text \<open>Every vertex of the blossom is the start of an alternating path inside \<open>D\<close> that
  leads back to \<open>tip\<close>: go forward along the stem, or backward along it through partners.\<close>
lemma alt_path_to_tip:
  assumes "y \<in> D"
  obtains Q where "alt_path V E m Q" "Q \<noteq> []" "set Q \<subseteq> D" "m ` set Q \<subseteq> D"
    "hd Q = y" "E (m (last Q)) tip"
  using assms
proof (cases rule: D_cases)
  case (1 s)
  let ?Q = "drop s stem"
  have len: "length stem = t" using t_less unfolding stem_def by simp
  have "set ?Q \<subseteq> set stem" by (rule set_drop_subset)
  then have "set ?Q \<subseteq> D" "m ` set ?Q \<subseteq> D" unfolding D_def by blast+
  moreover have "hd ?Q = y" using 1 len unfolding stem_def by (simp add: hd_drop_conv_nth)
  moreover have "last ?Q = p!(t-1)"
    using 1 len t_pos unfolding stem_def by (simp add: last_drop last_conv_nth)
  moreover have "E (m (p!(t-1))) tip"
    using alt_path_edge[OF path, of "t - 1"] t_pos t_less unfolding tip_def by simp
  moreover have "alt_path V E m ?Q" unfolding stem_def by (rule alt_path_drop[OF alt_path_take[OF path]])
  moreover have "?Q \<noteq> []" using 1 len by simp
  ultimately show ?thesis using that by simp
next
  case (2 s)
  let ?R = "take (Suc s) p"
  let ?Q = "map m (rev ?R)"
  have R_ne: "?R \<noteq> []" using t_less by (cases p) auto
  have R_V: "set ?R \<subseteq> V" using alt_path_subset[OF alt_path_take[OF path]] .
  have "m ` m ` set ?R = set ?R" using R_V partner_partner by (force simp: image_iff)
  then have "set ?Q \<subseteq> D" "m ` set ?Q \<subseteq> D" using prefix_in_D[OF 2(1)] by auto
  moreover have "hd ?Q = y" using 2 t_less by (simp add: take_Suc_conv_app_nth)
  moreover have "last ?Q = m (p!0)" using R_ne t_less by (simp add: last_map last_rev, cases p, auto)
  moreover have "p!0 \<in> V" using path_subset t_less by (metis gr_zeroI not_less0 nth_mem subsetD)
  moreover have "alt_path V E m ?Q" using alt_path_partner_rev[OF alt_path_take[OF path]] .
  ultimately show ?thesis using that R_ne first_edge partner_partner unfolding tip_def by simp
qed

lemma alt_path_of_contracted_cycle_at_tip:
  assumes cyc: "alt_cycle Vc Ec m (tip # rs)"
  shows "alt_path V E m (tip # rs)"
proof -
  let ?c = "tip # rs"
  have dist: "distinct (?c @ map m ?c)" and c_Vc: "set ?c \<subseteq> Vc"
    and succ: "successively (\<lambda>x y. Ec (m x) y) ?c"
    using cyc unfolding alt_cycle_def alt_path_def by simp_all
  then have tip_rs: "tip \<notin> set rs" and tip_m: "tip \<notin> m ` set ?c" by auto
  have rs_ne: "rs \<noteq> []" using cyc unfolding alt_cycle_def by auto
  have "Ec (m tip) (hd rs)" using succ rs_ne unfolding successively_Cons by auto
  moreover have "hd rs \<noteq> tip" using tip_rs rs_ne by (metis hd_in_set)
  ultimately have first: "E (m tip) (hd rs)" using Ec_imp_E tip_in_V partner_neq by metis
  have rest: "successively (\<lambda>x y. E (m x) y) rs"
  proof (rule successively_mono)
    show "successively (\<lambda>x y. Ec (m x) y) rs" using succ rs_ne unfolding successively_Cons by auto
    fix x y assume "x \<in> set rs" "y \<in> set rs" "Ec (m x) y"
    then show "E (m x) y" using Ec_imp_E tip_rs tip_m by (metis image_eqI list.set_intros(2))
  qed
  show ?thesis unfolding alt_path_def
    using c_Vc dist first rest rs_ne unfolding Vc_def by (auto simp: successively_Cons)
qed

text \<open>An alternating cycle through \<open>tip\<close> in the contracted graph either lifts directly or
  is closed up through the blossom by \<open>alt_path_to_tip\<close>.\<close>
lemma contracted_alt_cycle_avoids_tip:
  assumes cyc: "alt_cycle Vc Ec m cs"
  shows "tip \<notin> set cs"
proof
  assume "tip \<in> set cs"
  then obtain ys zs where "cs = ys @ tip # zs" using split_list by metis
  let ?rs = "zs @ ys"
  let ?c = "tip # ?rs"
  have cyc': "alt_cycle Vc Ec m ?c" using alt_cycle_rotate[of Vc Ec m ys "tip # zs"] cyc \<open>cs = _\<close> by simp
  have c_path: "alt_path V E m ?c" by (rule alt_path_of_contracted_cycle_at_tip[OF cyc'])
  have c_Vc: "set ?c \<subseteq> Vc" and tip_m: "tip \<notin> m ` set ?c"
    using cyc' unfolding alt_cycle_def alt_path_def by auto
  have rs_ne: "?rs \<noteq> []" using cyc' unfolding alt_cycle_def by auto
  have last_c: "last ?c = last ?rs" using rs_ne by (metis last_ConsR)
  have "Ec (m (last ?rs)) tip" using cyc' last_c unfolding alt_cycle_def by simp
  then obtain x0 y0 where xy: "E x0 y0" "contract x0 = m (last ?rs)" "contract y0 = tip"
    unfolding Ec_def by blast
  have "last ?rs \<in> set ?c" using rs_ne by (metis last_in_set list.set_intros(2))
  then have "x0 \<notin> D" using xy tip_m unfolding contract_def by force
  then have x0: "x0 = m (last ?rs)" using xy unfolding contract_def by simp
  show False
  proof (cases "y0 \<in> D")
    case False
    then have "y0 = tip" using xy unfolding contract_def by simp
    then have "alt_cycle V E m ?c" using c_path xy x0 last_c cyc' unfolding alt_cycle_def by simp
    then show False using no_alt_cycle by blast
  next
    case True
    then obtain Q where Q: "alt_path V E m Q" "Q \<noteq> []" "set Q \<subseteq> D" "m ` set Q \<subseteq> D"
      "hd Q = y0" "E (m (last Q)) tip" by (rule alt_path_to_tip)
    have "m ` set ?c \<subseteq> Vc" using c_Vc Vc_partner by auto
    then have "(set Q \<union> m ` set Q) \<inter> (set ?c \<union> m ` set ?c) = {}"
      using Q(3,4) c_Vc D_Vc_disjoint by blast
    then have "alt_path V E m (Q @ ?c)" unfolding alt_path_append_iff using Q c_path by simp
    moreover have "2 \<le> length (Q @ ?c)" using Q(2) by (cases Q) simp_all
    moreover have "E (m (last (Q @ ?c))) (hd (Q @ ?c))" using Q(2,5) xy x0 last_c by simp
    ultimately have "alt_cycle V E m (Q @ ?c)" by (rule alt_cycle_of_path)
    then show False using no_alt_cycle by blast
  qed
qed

* * * * *

Directions >>
Write out, please, all of the material above exactly as written.

Completed exercise >>
text \<open>Every vertex of the blossom is the start of an alternating path inside \<open>D\<close> that
  leads back to \<open>tip\<close>: go forward along the stem, or backward along it through partners.\<close>
lemma alt_path_to_tip:
  assumes "y \<in> D"
  obtains Q where "alt_path V E m Q" "Q \<noteq> []" "set Q \<subseteq> D" "m ` set Q \<subseteq> D"
    "hd Q = y" "E (m (last Q)) tip"
  using assms
proof (cases rule: D_cases)
  case (1 s)
  let ?Q = "drop s stem"
  have len: "length stem = t" using t_less unfolding stem_def by simp
  have "set ?Q \<subseteq> set stem" by (rule set_drop_subset)
  then have "set ?Q \<subseteq> D" "m ` set ?Q \<subseteq> D" unfolding D_def by blast+
  moreover have "hd ?Q = y" using 1 len unfolding stem_def by (simp add: hd_drop_conv_nth)
  moreover have "last ?Q = p!(t-1)"
    using 1 len t_pos unfolding stem_def by (simp add: last_drop last_conv_nth)
  moreover have "E (m (p!(t-1))) tip"
    using alt_path_edge[OF path, of "t - 1"] t_pos t_less unfolding tip_def by simp
  moreover have "alt_path V E m ?Q" unfolding stem_def by (rule alt_path_drop[OF alt_path_take[OF path]])
  moreover have "?Q \<noteq> []" using 1 len by simp
  ultimately show ?thesis using that by simp
next
  case (2 s)
  let ?R = "take (Suc s) p"
  let ?Q = "map m (rev ?R)"
  have R_ne: "?R \<noteq> []" using t_less by (cases p) auto
  have R_V: "set ?R \<subseteq> V" using alt_path_subset[OF alt_path_take[OF path]] .
  have "m ` m ` set ?R = set ?R" using R_V partner_partner by (force simp: image_iff)
  then have "set ?Q \<subseteq> D" "m ` set ?Q \<subseteq> D" using prefix_in_D[OF 2(1)] by auto
  moreover have "hd ?Q = y" using 2 t_less by (simp add: take_Suc_conv_app_nth)
  moreover have "last ?Q = m (p!0)" using R_ne t_less by (simp add: last_map last_rev, cases p, auto)
  moreover have "p!0 \<in> V" using path_subset t_less by (metis gr_zeroI not_less0 nth_mem subsetD)
  moreover have "alt_path V E m ?Q" using alt_path_partner_rev[OF alt_path_take[OF path]] .
  ultimately show ?thesis using that R_ne first_edge partner_partner unfolding tip_def by simp
qed

lemma alt_path_of_contracted_cycle_at_tip:
  assumes cyc: "alt_cycle Vc Ec m (tip # rs)"
  shows "alt_path V E m (tip # rs)"
proof -
  let ?c = "tip # rs"
  have dist: "distinct (?c @ map m ?c)" and c_Vc: "set ?c \<subseteq> Vc"
    and succ: "successively (\<lambda>x y. Ec (m x) y) ?c"
    using cyc unfolding alt_cycle_def alt_path_def by simp_all
  then have tip_rs: "tip \<notin> set rs" and tip_m: "tip \<notin> m ` set ?c" by auto
  have rs_ne: "rs \<noteq> []" using cyc unfolding alt_cycle_def by auto
  have "Ec (m tip) (hd rs)" using succ rs_ne unfolding successively_Cons by auto
  moreover have "hd rs \<noteq> tip" using tip_rs rs_ne by (metis hd_in_set)
  ultimately have first: "E (m tip) (hd rs)" using Ec_imp_E tip_in_V partner_neq by metis
  have rest: "successively (\<lambda>x y. E (m x) y) rs"
  proof (rule successively_mono)
    show "successively (\<lambda>x y. Ec (m x) y) rs" using succ rs_ne unfolding successively_Cons by auto
    fix x y assume "x \<in> set rs" "y \<in> set rs" "Ec (m x) y"
    then show "E (m x) y" using Ec_imp_E tip_rs tip_m by (metis image_eqI list.set_intros(2))
  qed
  show ?thesis unfolding alt_path_def
    using c_Vc dist first rest rs_ne unfolding Vc_def by (auto simp: successively_Cons)
qed

text \<open>An alternating cycle through \<open>tip\<close> in the contracted graph either lifts directly or
  is closed up through the blossom by \<open>alt_path_to_tip\<close>.\<close>
lemma contracted_alt_cycle_avoids_tip:
  assumes cyc: "alt_cycle Vc Ec m cs"
  shows "tip \<notin> set cs"
proof
  assume "tip \<in> set cs"
  then obtain ys zs where "cs = ys @ tip # zs" using split_list by metis
  let ?rs = "zs @ ys"
  let ?c = "tip # ?rs"
  have cyc': "alt_cycle Vc Ec m ?c" using alt_cycle_rotate[of Vc Ec m ys "tip # zs"] cyc \<open>cs = _\<close> by simp
  have c_path: "alt_path V E m ?c" by (rule alt_path_of_contracted_cycle_at_tip[OF cyc'])
  have c_Vc: "set ?c \<subseteq> Vc" and tip_m: "tip \<notin> m ` set ?c"
    using cyc' unfolding alt_cycle_def alt_path_def by auto
  have rs_ne: "?rs \<noteq> []" using cyc' unfolding alt_cycle_def by auto
  have last_c: "last ?c = last ?rs" using rs_ne by (metis last_ConsR)
  have "Ec (m (last ?rs)) tip" using cyc' last_c unfolding alt_cycle_def by simp
  then obtain x0 y0 where xy: "E x0 y0" "contract x0 = m (last ?rs)" "contract y0 = tip"
    unfolding Ec_def by blast
  have "last ?rs \<in> set ?c" using rs_ne by (metis last_in_set list.set_intros(2))
  then have "x0 \<notin> D" using xy tip_m unfolding contract_def by force
  then have x0: "x0 = m (last ?rs)" using xy unfolding contract_def by simp
  show False
  proof (cases "y0 \<in> D")
    case False
    then have "y0 = tip" using xy unfolding contract_def by simp
    then have "alt_cycle V E m ?c" using c_path xy x0 last_c cyc' unfolding alt_cycle_def by simp
    then show False using no_alt_cycle by blast
  next
    case True
    then obtain Q where Q: "alt_path V E m Q" "Q \<noteq> []" "set Q \<subseteq> D" "m ` set Q \<subseteq> D"
      "hd Q = y0" "E (m (last Q)) tip" by (rule alt_path_to_tip)
    have "m ` set ?c \<subseteq> Vc" using c_Vc Vc_partner by auto
    then have "(set Q \<union> m ` set Q) \<inter> (set ?c \<union> m ` set ?c) = {}"
      using Q(3,4) c_Vc D_Vc_disjoint by blast
    then have "alt_path V E m (Q @ ?c)" unfolding alt_path_append_iff using Q c_path by simp
    moreover have "2 \<le> length (Q @ ?c)" using Q(2) by (cases Q) simp_all
    moreover have "E (m (last (Q @ ?c))) (hd (Q @ ?c))" using Q(2,5) xy x0 last_c by simp
    ultimately have "alt_cycle V E m (Q @ ?c)" by (rule alt_cycle_of_path)
    then show False using no_alt_cycle by blast
  qed
qed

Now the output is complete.